The model is fitted with po_fit, which uses the same
formula interface as the other model-fitting functions in the
package.
fit <- po_fit(
response ~ ffpo(X = sim$noisy_curves_miss, missing_points = sim$missing_points,
grid = sim$grid, nbasis = c(30, 30)),
data = list(response = sim$response, X = sim$noisy_curves_miss,
grid = sim$grid, missing_points = sim$missing_points)
)The fitted object is a list of class po_fit.

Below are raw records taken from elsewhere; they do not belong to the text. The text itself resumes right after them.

lemma E_T_measurable[measurable]: "E_T F fc B \<in> borel_measurable borel"
proof -
  interpret F: prob_space F by (rule prob_space_F)
  have sets_eq: "sets ((borel \<Otimes>\<^sub>M borel) \<Otimes>\<^sub>M F) = sets ((borel \<Otimes>\<^sub>M borel) \<Otimes>\<^sub>M borel)"
    by (intro sets_pair_measure_cong) simp_all
  have "(\<lambda>(xy, z). h_T fc B (fst xy) (snd xy) z) \<in> borel_measurable ((borel \<Otimes>\<^sub>M borel) \<Otimes>\<^sub>M borel)"
    unfolding h_T_def by measurable
  then have "(\<lambda>(xy, z). h_T fc B (fst xy) (snd xy) z) \<in> borel_measurable ((borel \<Otimes>\<^sub>M borel) \<Otimes>\<^sub>M F)"
    by (simp add: measurable_cong_sets[OF sets_eq refl])
  then have "(\<lambda>xy. \<integral>z. h_T fc B (fst xy) (snd xy) z \<partial>F) \<in> borel_measurable (borel \<Otimes>\<^sub>M borel)"
    by (rule F.borel_measurable_lebesgue_integral)
  moreover have "sets (borel \<Otimes>\<^sub>M F) = sets (borel \<Otimes>\<^sub>M borel)" by (intro sets_pair_measure_cong) simp_all
  ultimately have "(\<lambda>(x, y). \<integral>z. h_T fc B x y z \<partial>F) \<in> borel_measurable (borel \<Otimes>\<^sub>M F)"
    using measurable_cong_sets by (fastforce simp: case_prod_beta')
  then show ?thesis
    unfolding E_T_def[abs_def] by (rule F.borel_measurable_lebesgue_integral)
qed

lemma indep_var_X: "i \<noteq> j \<Longrightarrow> indep_var borel (X i) borel (X j)"
  using indep_var_compose[OF indep_var_restrict[OF indep_X, of "{i}" "{j}"], of "\<lambda>f. f i" borel "\<lambda>f. f j" borel]
  by (simp add: comp_def)

lemma distr_pair_X:
  "i \<noteq> j \<Longrightarrow> distr M (borel \<Otimes>\<^sub>M borel) (\<lambda>\<omega>. (X i \<omega>, X j \<omega>)) = F \<Otimes>\<^sub>M F"
  using indep_var_distribution_eq[THEN iffD1, OF indep_var_X] distr_X by simp

lemma indep_var_pairs_X:
  assumes "{j, k} \<inter> {j', k'} = {}"
  shows "indep_var (borel \<Otimes>\<^sub>M borel) (\<lambda>\<omega>. (X j \<omega>, X k \<omega>)) (borel \<Otimes>\<^sub>M borel) (\<lambda>\<omega>. (X j' \<omega>, X k' \<omega>))"
  using indep_var_compose[OF indep_var_restrict[OF indep_X, of "{j, k}" "{j', k'}"],
      of "\<lambda>f. (f j, f k)" "borel \<Otimes>\<^sub>M borel" "\<lambda>f. (f j', f k')" "borel \<Otimes>\<^sub>M borel"] assms
  by (simp add: comp_def)
definition loop_free :: "graph \<Rightarrow> bool" where
  "loop_free G \<longleftrightarrow> (\<forall>e\<in>edges G. fst (ends G e) \<noteq> snd (ends G e))"

definition multi_edge_free :: "graph \<Rightarrow> bool" where
  "multi_edge_free G \<longleftrightarrow> inj_on (endpoints G) (edges G)"

definition adjacent :: "graph \<Rightarrow> nat \<Rightarrow> nat \<Rightarrow> bool" where
  "adjacent G a b \<longleftrightarrow> (\<exists>e\<in>edges G. endpoints G e = {a, b})"

definition triangle_free :: "graph \<Rightarrow> bool" where
  "triangle_free G \<longleftrightarrow>
     (\<forall>a b c. adjacent G a b \<and> adjacent G b c \<and> adjacent G a c \<longrightarrow> a = b \<or> b = c \<or> a = c)"

lemma endpoints_eq_hend: "endpoints G e = {hend G (e, True), hend G (e, False)}"
  by (simp add: endpoints_def hend_def)

lemma loop_free_endpoints_not_singleton:
  "loop_free G \<Longrightarrow> e \<in> edges G \<Longrightarrow> endpoints G e \<noteq> {a}"
  by (auto simp: loop_free_def endpoints_def doubleton_eq_iff)

lemma graph_iso_reflects_simple_triangle_free:
  assumes "graph_iso H G" "wf_graph H"
    and "loop_free G" "multi_edge_free G" "triangle_free G"
  shows "loop_free H \<and> multi_edge_free H \<and> triangle_free H"
proof -
  obtain f g where f: "bij_betw f (verts H) (verts G)" and g: "bij_betw g (edges H) (edges G)"
    and fg: "\<forall>e\<in>edges H. ends G (g e) = (f (fst (ends H e)), f (snd (ends H e))) \<or>
                         ends G (g e) = (f (snd (ends H e)), f (fst (ends H e)))"
    using assms(1) unfolding graph_iso_def by blast
  have g_edge: "g e \<in> edges G" if "e \<in> edges H" for e
    using g that by (auto simp: bij_betw_def)
  have endpoints_g: "endpoints G (g e) = f ` endpoints H e" if "e \<in> edges H" for e
    using fg that by (auto simp: endpoints_def)
  have "loop_free H"
    unfolding loop_free_def
  proof
    fix e assume "e \<in> edges H"
    then show "fst (ends H e) \<noteq> snd (ends H e)"
      using fg assms(3) g_edge unfolding loop_free_def by force
  qed
  moreover have "multi_edge_free H"
    unfolding multi_edge_free_def
  proof (rule inj_onI)
    fix e e' assume e: "e \<in> edges H" "e' \<in> edges H" and "endpoints H e = endpoints H e'"
    then have "endpoints G (g e) = endpoints G (g e')"
      using endpoints_g by simp
    then have "g e = g e'"
      using assms(4) e g_edge unfolding multi_edge_free_def by (blast dest: inj_onD)
    then show "e = e'"
      using g e by (auto simp: bij_betw_def dest: inj_onD)
  qed
  moreover have "triangle_free H"
    unfolding triangle_free_def
  proof (intro allI impI)
    have adjacent_f: "adjacent G (f a) (f b) \<and> a \<in> verts H \<and> b \<in> verts H"
      if ab: "adjacent H a b" for a b
    proof -
      obtain e where e: "e \<in> edges H" "endpoints H e = {a, b}"
        using ab unfolding adjacent_def by blast
      then have "endpoints G (g e) = {f a, f b}"
        using endpoints_g by simp
      moreover have "a \<in> verts H \<and> b \<in> verts H"
        using e assms(2) by (auto simp: wf_graph_def endpoints_def doubleton_eq_iff)
      ultimately show ?thesis
        using g_edge[OF e(1)] unfolding adjacent_def by blast
    qed
    fix a b c assume "adjacent H a b \<and> adjacent H b c \<and> adjacent H a c"
    then have "f a = f b \<or> f b = f c \<or> f a = f c" and "a \<in> verts H" "b \<in> verts H" "c \<in> verts H"
      using adjacent_f assms(5) unfolding triangle_free_def by meson+
    then show "a = b \<or> b = c \<or> a = c"
      using f by (auto simp: bij_betw_def dest: inj_onD)
  qed
  ultimately show ?thesis by blast
qed

section \<open>Coordinates on the cube\<close>

lemma all_less_3: "(\<forall>k<3. P k) \<longleftrightarrow> P 0 \<and> P 1 \<and> P (2::nat)"
  by (simp add: numeral_eq_Suc All_less_Suc2)

lemma all_less_8: "(\<forall>w<8. P w) \<longleftrightarrow> P 0 \<and> P 1 \<and> P 2 \<and> P 3 \<and> P 4 \<and> P 5 \<and> P 6 \<and> P (7::nat)"
  by (simp add: numeral_eq_Suc All_less_Suc2 conj_commute)

lemma all_less_12:
  "(\<forall>e<12. P e) \<longleftrightarrow> P 0 \<and> P 1 \<and> P 2 \<and> P 3 \<and> P 4 \<and> P 5 \<and> P 6 \<and> P 7 \<and> P 8 \<and> P 9 \<and> P 10 \<and> P (11::nat)"
  by (simp add: numeral_eq_Suc All_less_Suc2 conj_commute)

lemma flip_bit_flip_bit_same [simp]: "flip_bit k (flip_bit k w) = (w::nat)"
  by (rule bit_eqI) (auto simp: bit_flip_bit_iff)

lemma flip_bit_commute: "flip_bit k (flip_bit l w) = flip_bit l (flip_bit k (w::nat))"
  by (rule bit_eqI) (auto simp: bit_flip_bit_iff)

lemma flip_bit_neq [simp]: "flip_bit k w \<noteq> (w::nat)" "w \<noteq> flip_bit k w"
  using bit_flip_bit_iff[of k w k] by auto

lemma flip_bit_eq_flip_bit_iff [simp]: "flip_bit k w = flip_bit l (w::nat) \<longleftrightarrow> k = l"
  using bit_flip_bit_iff[of k w k] bit_flip_bit_iff[of l w k] by auto

lemma flip_bit_flip_bit_neq_flip_bit:
  assumes "k \<noteq> l" shows "flip_bit l (flip_bit k w) \<noteq> flip_bit m (w::nat)"
proof
  assume eq: "flip_bit l (flip_bit k w) = flip_bit m w"
  have "bit (flip_bit l (flip_bit k w)) n = bit (flip_bit m w) n" for n
    by (simp only: eq)
  from this[of k] this[of l] show False
    using assms by (auto simp: bit_flip_bit_iff)
qed

lemma flip_bit_less_8:
  assumes "w < 8" "k < 3" shows "flip_bit k w < (8::nat)"
proof -
  have "\<forall>w<8. \<forall>k<3. flip_bit k w < (8::nat)"
    unfolding all_less_8 all_less_3 by (simp add: flip_bit_nat_def)
  then show ?thesis
    using assms by blast
qed

text \<open>Vertices are read as 3-bit strings. The edges of \<^const>\<open>Q3_edge_list\<close> in direction \<open>k\<close>
  join \<open>w\<close> and \<open>flip_bit k w\<close>; they are numbered \<open>4 k\<close> plus \<open>w\<close> with bit \<open>k\<close> deleted, and their
  half-edge \<open>(e, True)\<close> lies at the endpoint with bit \<open>k\<close> clear.\<close>
definition cube_half_edge :: "nat \<Rightarrow> nat \<Rightarrow> nat \<times> bool" where
  "cube_half_edge w k = (4 * k + w mod 2 ^ k + 2 ^ k * (w div 2 ^ Suc k), \<not> bit w k)"

lemma verts_Q3: "verts Q3 = {0..<8}"
  and edges_Q3: "edges Q3 = {0..<12}"
  by (simp_all add: Q3_def)

lemma cube_half_edge_table:
  "\<forall>w<8. \<forall>k<3. fst (cube_half_edge w k) \<in> edges Q3 \<and> hend Q3 (cube_half_edge w k) = w \<and>
     fst (cube_half_edge w k) div 4 = k \<and>
     (fst (cube_half_edge w k), \<not> snd (cube_half_edge w k)) = cube_half_edge (flip_bit k w) k"
  unfolding all_less_3 all_less_8
  by (simp add: cube_half_edge_def edges_Q3 hend_def Q3_def Q3_edge_list_def flip_bit_nat_def bit_nat_def)

lemma cube_half_edge_in_edges: "w < 8 \<Longrightarrow> k < 3 \<Longrightarrow> fst (cube_half_edge w k) \<in> edges Q3"
  and hend_cube_half_edge [simp]: "w < 8 \<Longrightarrow> k < 3 \<Longrightarrow> hend Q3 (cube_half_edge w k) = w"
  and cube_half_edge_direction: "w < 8 \<Longrightarrow> k < 3 \<Longrightarrow> fst (cube_half_edge w k) div 4 = k"
  and cube_half_edge_opposite: "w < 8 \<Longrightarrow> k < 3 \<Longrightarrow>
    (fst (cube_half_edge w k), \<not> snd (cube_half_edge w k)) = cube_half_edge (flip_bit k w) k"
  using cube_half_edge_table by simp_all

lemma half_edge_Q3_cases:
  assumes "fst h \<in> edges Q3"
  obtains w k where "w < 8" "k < 3" "h = cube_half_edge w k"
proof -
  have "\<forall>e<12. \<forall>b. hend Q3 (e, b) < 8 \<and> e div 4 < 3 \<and> (e, b) = cube_half_edge (hend Q3 (e, b)) (e div 4)"
    unfolding all_less_12
    by (simp add: cube_half_edge_def hend_def Q3_def Q3_edge_list_def bit_nat_def)
  then show ?thesis
    using assms that by (cases h) (auto simp: edges_Q3)
qed

lemma cube_half_edge_eq_iff:
  assumes "w < 8" "k < 3" "w' < 8" "k' < 3"
  shows "cube_half_edge w k = cube_half_edge w' k' \<longleftrightarrow> w = w' \<and> k = k'"
  using assms by (metis hend_cube_half_edge cube_half_edge_direction)

lemma cube_half_edge_same_edge:
  assumes "w < 8" "k < 3" "w' < 8" "k' < 3" "fst (cube_half_edge w k) = fst (cube_half_edge w' k')"
  shows "k' = k \<and> (w' = w \<or> w' = flip_bit k w)"
proof -
  have "k' = k"
    using assms cube_half_edge_direction by metis
  moreover have "cube_half_edge w' k \<in> {cube_half_edge w k, cube_half_edge (flip_bit k w) k}"
    using assms \<open>k' = k\<close> cube_half_edge_opposite[OF assms(1,2), symmetric]
    by (cases "snd (cube_half_edge w' k) = snd (cube_half_edge w k)") (auto simp: prod_eq_iff)
  ultimately show ?thesis
    using assms flip_bit_less_8 by (auto simp: cube_half_edge_eq_iff)
qed
lemma emeasure_Int_ball_le_hausdorff_content:
  fixes E :: "'a::euclidean_space set"
  assumes \<rho>: "0 < \<rho>" and \<delta>: "0 < \<delta>" and q: "1 \<le> q" "\<delta> * q \<le> real DIM('a)"
  shows "emeasure lebesgue (E \<inter> ball x \<rho>)
     \<le> ennreal (unit_ball_vol (real DIM('a)) * \<rho> powr (real DIM('a) - \<delta> * q))
        * ennpowr (hausdorff_content \<delta> E) q"
proof -
  define K where "K = unit_ball_vol (real DIM('a)) * \<rho> powr (real DIM('a) - \<delta> * q)"
  define m where "m = measure lebesgue (E \<inter> ball x \<rho>)"
  have K: "0 < K"
    using \<rho> by (simp add: K_def)
  have "emeasure lebesgue (E \<inter> ball x \<rho>) \<le> emeasure lebesgue (ball x \<rho>)"
    by (intro emeasure_mono) auto
  also have "\<dots> < \<infinity>"
    using \<rho> by (subst emeasure_lebesgue_ball) auto
  finally have m: "emeasure lebesgue (E \<inter> ball x \<rho>) = ennreal m"
    by (simp add: m_def emeasure_eq_ennreal_measure)
  have m_le_iff: "(m / K) powr (1 / q) \<le> t \<longleftrightarrow> m \<le> K * t powr q" if "0 \<le> t" for t
    using K q that by (simp add: powr_inverse_le_iff m_def pos_divide_le_eq mult.commute)
  have H: "ennreal ((m / K) powr (1 / q)) \<le> hausdorff_content \<delta> E"
  proof (rule ennreal_le_hausdorff_content)
    fix c :: "nat \<Rightarrow> 'a" and r :: "nat \<Rightarrow> real"
    assume r: "\<And>i. 0 \<le> r i" and cover: "E \<subseteq> (\<Union>i. ball (c i) (r i))" and sr: "summable (\<lambda>i. r i powr \<delta>)"
    have "m \<le> K * (\<Sum>i. r i powr \<delta>) powr q"
      using emeasure_Int_ball_le_cover[OF cover r sr \<rho> \<delta> q, of x] m by (simp add: K_def)
    with r sr show "(m / K) powr (1 / q) \<le> (\<Sum>i. r i powr \<delta>)"
      by (simp add: m_le_iff suminf_nonneg)
  qed
  show ?thesis
  proof (cases "hausdorff_content \<delta> E")
    case (real h)
    with H m_le_iff have "m \<le> K * h powr q"
      by (simp add: ennreal_le_iff)
    with real K m show ?thesis
      by (simp add: ennpowr_def K_def[symmetric] ennreal_mult[symmetric] ennreal_leI)
  qed (use K in \<open>simp add: ennpowr_def K_def[symmetric] ennreal_mult_top\<close>)
qed

lemma hausdorff_content_mono: "A \<subseteq> B \<Longrightarrow> hausdorff_content \<beta> A \<le> hausdorff_content \<beta> B"
  unfolding hausdorff_content_def by (rule INF_superset_mono) auto

lemma antimono_hausdorff_content_superlevel: "antimono (\<lambda>t. hausdorff_content \<beta> {y. t < g y})"
  unfolding antimono_def by (auto intro!: hausdorff_content_mono)

section \<open>Integrals over balls\<close>

lemma borel_measurable_antimono:
  fixes f :: "real \<Rightarrow> 'b::{linorder_topology, second_countable_topology}"
  assumes "antimono f"
  shows "f \<in> borel_measurable borel"
proof (rule borel_measurableI_greater)
  fix c
  have "is_interval {t. c < f t}"
    using assms unfolding is_interval_1 antimono_def by (auto intro: less_le_trans)
  then show "{t \<in> space borel. c < f t} \<in> sets borel"
    by (simp add: real_interval_borel_measurable)
qed

lemma mult_le_set_nn_integral_antimono:
  fixes h :: "real \<Rightarrow> ennreal"
  assumes "antimono h" "0 < u"
  shows "ennreal u * h u \<le> (\<integral>\<^sup>+t\<in>{0<..}. h t \<partial>lborel)"
proof -
  have "ennreal u * h u = (\<integral>\<^sup>+t. h u * indicator {0<..u} t \<partial>lborel)"
    using assms(2) by (simp add: nn_integral_cmult_indicator mult.commute)
  also have "\<dots> \<le> (\<integral>\<^sup>+t\<in>{0<..}. h t \<partial>lborel)"
    using assms(1) by (intro nn_integral_mono) (auto simp: indicator_def antimonoD)
  finally show ?thesis .
qed

lemma ennreal_mult_le_ennrealE:
  assumes "ennreal u * h \<le> ennreal c" "0 < u" "0 \<le> c"
  obtains r where "h = ennreal r" "0 \<le> r" "u * r \<le> c"
proof (cases h)
  case (real r)
  with assms show ?thesis
    by (intro that[of r]) (auto simp: ennreal_mult[symmetric])
next
  case top
  with assms show ?thesis
    by (simp add: ennreal_mult_top top_unique)
qed

lemma powr_mult_le_of_mult_le:
  fixes u r J e :: real
  assumes "0 < u" "0 \<le> r" "u * r \<le> J" "1 \<le> e"
  shows "u powr (e - 1) * r powr e \<le> J powr (e - 1) * r"
proof (cases "r = 0")
  case False
  then have "u powr (e - 1) * r powr e = (u * r) powr (e - 1) * r"
    using assms by (simp add: powr_mult powr_mult_base mult_ac)
  also have "\<dots> \<le> J powr (e - 1) * r"
    using assms by (intro mult_right_mono powr_mono2) auto
  finally show ?thesis .
qed simp

lemma layer_integral_le_of_power_bound:
  fixes m h :: "real \<Rightarrow> ennreal"
  assumes p: "0 < p" "p < 1" and A: "0 \<le> A"
    and h: "antimono h" "(\<integral>\<^sup>+u\<in>{0<..}. h u \<partial>lborel) = ennreal J" "0 \<le> J"
    and m: "\<And>u. 0 < u \<Longrightarrow> m u \<le> ennreal A * ennpowr (h u) (1 / p)"
  shows "(\<integral>\<^sup>+u\<in>{0<..}. ennreal (u powr (1 / p - 1) / p) * m u \<partial>lborel) \<le> ennreal (A / p * J powr (1 / p))"
proof -
  define C where "C = A / p * J powr (1 / p - 1)"
  have C: "0 \<le> C"
    using A p by (simp add: C_def)
  have "ennreal (u powr (1 / p - 1) / p) * m u * indicator {0<..} u \<le> ennreal C * (h u * indicator {0<..} u)" for u
  proof (cases "0 < u")
    case u: True
    have "ennreal u * h u \<le> ennreal J"
      using mult_le_set_nn_integral_antimono[OF h(1) u] h(2) by simp
    then obtain r where r: "h u = ennreal r" "0 \<le> r" "u * r \<le> J"
      using u h(3) by (rule ennreal_mult_le_ennrealE)
    have "ennreal (u powr (1 / p - 1) / p) * m u
        \<le> ennreal (u powr (1 / p - 1) / p) * (ennreal A * ennreal (r powr (1 / p)))"
      using m[OF u] r(1,2) by (intro mult_left_mono) (simp_all add: ennpowr_def)
    also have "\<dots> = ennreal (A / p * (u powr (1 / p - 1) * r powr (1 / p)))"
      using A p by (simp add: ennreal_mult[symmetric] mult_ac)
    also have "\<dots> \<le> ennreal (A / p * (J powr (1 / p - 1) * r))"
      using powr_mult_le_of_mult_le[OF u r(2,3), of "1 / p"] A p by (intro ennreal_leI mult_left_mono) auto
    also have "\<dots> = ennreal C * h u"
      using ennreal_mult[OF C r(2)] unfolding r(1) by (simp add: C_def mult_ac)
    finally show ?thesis
      using u by simp
  qed simp
  then have "(\<integral>\<^sup>+u\<in>{0<..}. ennreal (u powr (1 / p - 1) / p) * m u \<partial>lborel)
      \<le> (\<integral>\<^sup>+u. ennreal C * (h u * indicator {0<..} u) \<partial>lborel)"
    by (intro nn_integral_mono)
  also have "\<dots> = ennreal (C * J)"
    using h borel_measurable_antimono[OF h(1)] C by (simp add: nn_integral_cmult ennreal_mult)
  also have "C * J = A / p * J powr (1 / p)"
    using h(3) by (cases "J = 0") (simp_all add: C_def powr_diff)
  finally show ?thesis .
qed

It returns
the estimated functional coefficient (Beta), the intercept,
the basis coefficients (theta) and their covariance
(covar_theta), the observed-domain information
(M), and the evaluations of the functional term
(ffpo_evals).
str(fit, max.level = 1)
#> List of 7
#> $ fit :List of 15
#> ..- attr(*, "class")= chr "sop"
#> $ Beta :List of 1
#> $ intercept : num 0.105
#> $ theta : num [1:30, 1] -0.01223 0.00181 0.01579 0.02877 0.03864 ...
#> $ covar_theta: num [1:30, 1:30] 2.13e-04 1.20e-04 4.76e-05 6.97e-06 -8.03e-06 ...
#> $ M :List of 1
#> $ ffpo_evals :List of 1
#> - attr(*, "class")= chr "po_fit"
#> - attr(*, "N")= int 150The element Beta holds, for each functional term, a data
frame with the grid (t), the estimated coefficient
(beta), its standard error (se) and the lower
and upper limits of the pointwise confidence interval
(lower and upper).
b <- fit$Beta[[1]]
head(b)
#> t beta se lower upper
#> 1 0.0000000 0.001797685 0.008967647 -0.015778581 0.01937395
#> 2 0.1265823 0.006577162 0.007498188 -0.008119017 0.02127334
#> 3 0.2531646 0.011312337 0.006318194 -0.001071096 0.02369577
#> 4 0.3797468 0.015964972 0.005450567 0.005282057 0.02664789
#> 5 0.5063291 0.020487481 0.004870483 0.010941509 0.03003345
#> 6 0.6329114 0.024802314 0.004556353 0.015872026 0.03373260The coefficient is displayed together with its confidence band.
plot(b$t, b$beta, type = "n", xlab = "t", ylab = expression(beta(t)),
ylim = range(c(b$lower, b$upper)))
polygon(c(b$t, rev(b$t)), c(b$lower, rev(b$upper)),
col = grDevices::adjustcolor("#2c7fb8", 0.25), border = NA)
lines(b$t, b$beta, col = "#2c7fb8", lwd = 2)
lines(b$t, b$lower, col = "#2c7fb8", lty = 2)
lines(b$t, b$upper, col = "#2c7fb8", lty = 2)
legend("topright", legend = c("Estimate", "95% CI"),
col = "#2c7fb8", lty = c(1, 2), lwd = c(2, 1), bty = "n")Because the data are simulated, the estimate can be compared with the true coefficient. The correlation between the two is high, which confirms that the shape of the coefficient is recovered well.
When the functional observations are surfaces that are partially
observed, the same workflow applies through the analogous functions
data_generator_po_2d, ffpo_2d and
po_2d_fit. The fitted object has the same structure, with
the estimated coefficient returned as a surface.
Hernandez-Amaro et al. (2025). A new scalar on function generalized additive model for partially observed functional data. doi:10.48550/arXiv.2510.26917.